The Grimoire of Arthur Gauntlet
A 17th century London Cunning-man's book of charms, conjurations and prayers
Edited by David Rankine
|Publisher:||Avalonia Books 2011|
Reviewed by Frater U.I.F.
During the Renaissance, the witch persecution and hysteria that had started in the Medieval era, was still alive and well in England. One group of practitioners who managed to avoid this persecution time and time again was the Cunning-folk. these common men and women practiced ceremonial Magick, divination and alternative medicine their tradition, which began before the 15th century, continues to this day by people who use folk magick to assist other people in need. While the church and state were both on a rampage to eradicate witches and witchcraft, clearly antagonistic to esoteric practices, the Cunning-folk always managed to remain untouched by the authorities. the practice of Magick in any form was illegal and for a time punishable by death. the general opinion was that witches were malefic and did nothing but cause harm, yet the cunning-folk practiced only works that were helpful to others. this public opinion, in addition to the willingness of the cunning-folk to modify their practices, ensured the continued and open existence of this ancient tradition.
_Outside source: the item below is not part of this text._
(* Fix $s\in\mathbb C^n$, let $\hat y\in\hat{\mathbb Y}(s)$ and $\beta=\beta(\hat y)$. Consider the equation $B\theta=\beta+2\pi k$ in unknowns $\theta\in\mathbb R^n$ and integer vector $k\in\mathbb Z^m$. Then: (1) For $\theta\in(-\pi,\pi]^n$, $h_\theta(\hat y)\in\mathbb X(s)$ if and only if there exists $k\in\mathbb Z^m$ such that $(\theta,k)$ solves $B\theta=\beta+2\pi k$. (2) If the equation $B\theta=\beta+2\pi k$ has a solution, then there is a solution $(\theta,k)$ with $\theta\in(-\pi,\pi]^n$, and the set of all solutions $(\theta',k')\in\mathbb R^n\times\mathbb Z^m$ equals $\sigma(\theta,k):=\{(\theta+2\pi\alpha,\,k+B\alpha):\alpha\in\mathbb Z^n\}$; in particular there is at most one such equivalence class of solutions.
   Context: $G=(N,E)$ is a directed graph with nodes $N=\{0,1,\dots,n\}$ and $m=|E|$ links, whose underlying undirected graph is connected; $(i,j)\in E$ denotes a link from $i$ to $j$. Each link has impedance $z_{ij}=r_{ij}+\mathbf{i}x_{ij}$, each node $i$ shunt admittance $y_i=g_i-\mathbf{i}b_i$. The voltage $V_0$ at node 0 is given and taken as angle reference: $V_0=|V_0|$ real and positive; $v_0:=|V_0|^2$. $\mathbb X(s)$ (for $s=(s_1,\dots,s_n)\in\mathbb C^n$) is the set of $x=(S,I,V,s_0)$ with $S,I\in\mathbb C^E$, $V=(V_1,\dots,V_n)$, $s_0\in\mathbb C$ satisfying $V_i-V_j=z_{ij}I_{ij}$, $S_{ij}=V_iI_{ij}^*$ for $(i,j)\in E$, and $\sum_{k:(j,k)\in E}S_{jk}-\sum_{i:(i,j)\in E}(S_{ij}-z_{ij}|I_{ij}|^2)+y_j^*|V_j|^2=s_j$ for $j\in N$. $\hat{\mathbb Y}(s)$ is the set of real $\hat y=(P,Q,\ell,v,p_0,q_0)$ ($P,Q,\ell$ indexed by $E$, $v=(v_1,\dots,v_n)$), with $S_{ij}:=P_{ij}+\mathbf{i}Q_{ij}$ and $s_j=p_j+\mathbf{i}q_j$, satisfying $p_j=\sum_{k:(j,k)\in E}P_{jk}-\sum_{i:(i,j)\in E}(P_{ij}-r_{ij}\ell_{ij})+g_jv_j$, $q_j=\sum_{k:(j,k)\in E}Q_{jk}-\sum_{i:(i,j)\in E}(Q_{ij}-x_{ij}\ell_{ij})+b_jv_j$ for $j\in N$, and $v_j=v_i-2(r_{ij}P_{ij}+x_{ij}Q_{ij})+(r_{ij}^2+x_{ij}^2)\ell_{ij}$, $\ell_{ij}=(P_{ij}^2+Q_{ij}^2)/v_i$ for $(i,j)\in E$. $B$ is the $m\times n$ reduced incidence matrix: $B_{ei}=1$ if link $e$ leaves node $i$, $-1$ if it enters $i$, $0$ otherwise ($e\in E$, $i=1,\dots,n$). $\beta=\beta(\hat y)\in(-\pi,\pi]^m$ with $\beta_{ij}=\angle(v_i-z_{ij}^*S_{ij})$. For $\theta\in(-\pi,\pi]^n$ (and $\theta_0:=0$), $h_\theta(\hat y)=(S,I,V,s_0)$ with $S_{ij}=P_{ij}+\mathbf{i}Q_{ij}$, $I_{ij}=\sqrt{\ell_{ij}}e^{\mathbf{i}(\theta_i-\angle S_{ij})}$, $V_i=\sqrt{v_i}e^{\mathbf{i}\theta_i}$, $s_0=p_0+\mathbf{i}q_0$. *)

theory Defs
  imports Complex_Main
begin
These Cunning-men and Cunning-women were called upon by the populace to solve innumerable problems. those with family issues, lost jewelry, sickness, want of love or any other such need would call upon the Cunning-folk to provide a solution, or ask them to do work in their favor to increase wealth, health and happiness. As these practitioners were requested to assist in such a variety of problems, they were diligent in recording large collections of spells, charms and recipes. the range of styles and methods used in this tradition is staggering, and it is a great boon to have a compilation of this material in our possession today.
The Grimoire of Arthur Gauntlet is a "17th century London Cunning-man's book of charms, conjurations and prayers" as the sub-title describes. It contains many wonderful examples of planetary, zodiacal, spiritual and other workings. this is not a "complete system" type of Grimoire. In contrast it is an amalgam of many different systems and includes material from the Heptameron, the Arbatel, the writings of Agrippa and others. It is also quite heavily laden with Christian overtones, quoting the Psalms quite heavily as ritual text and calling upon the various names of God in both Christian and other Abrahamic traditions.
David Rankine, the editor of this volume, has done an incredibly detailed job of introducing this set of source materials. His introduction covers a background on the cunning-folk tradition and several well known practitioners. It also compares this manuscript with several other source documents and outlines the history of the Grimoire itself including its ownership over the centuries. the book is filled with copies of the sigils, symbols and written notes from the original source documents and manuscripts which contribute much to understanding the text in general. Such a well documented and wonderfully presented work is a treasure to anyone who is passionate about the Grimoire Tradition.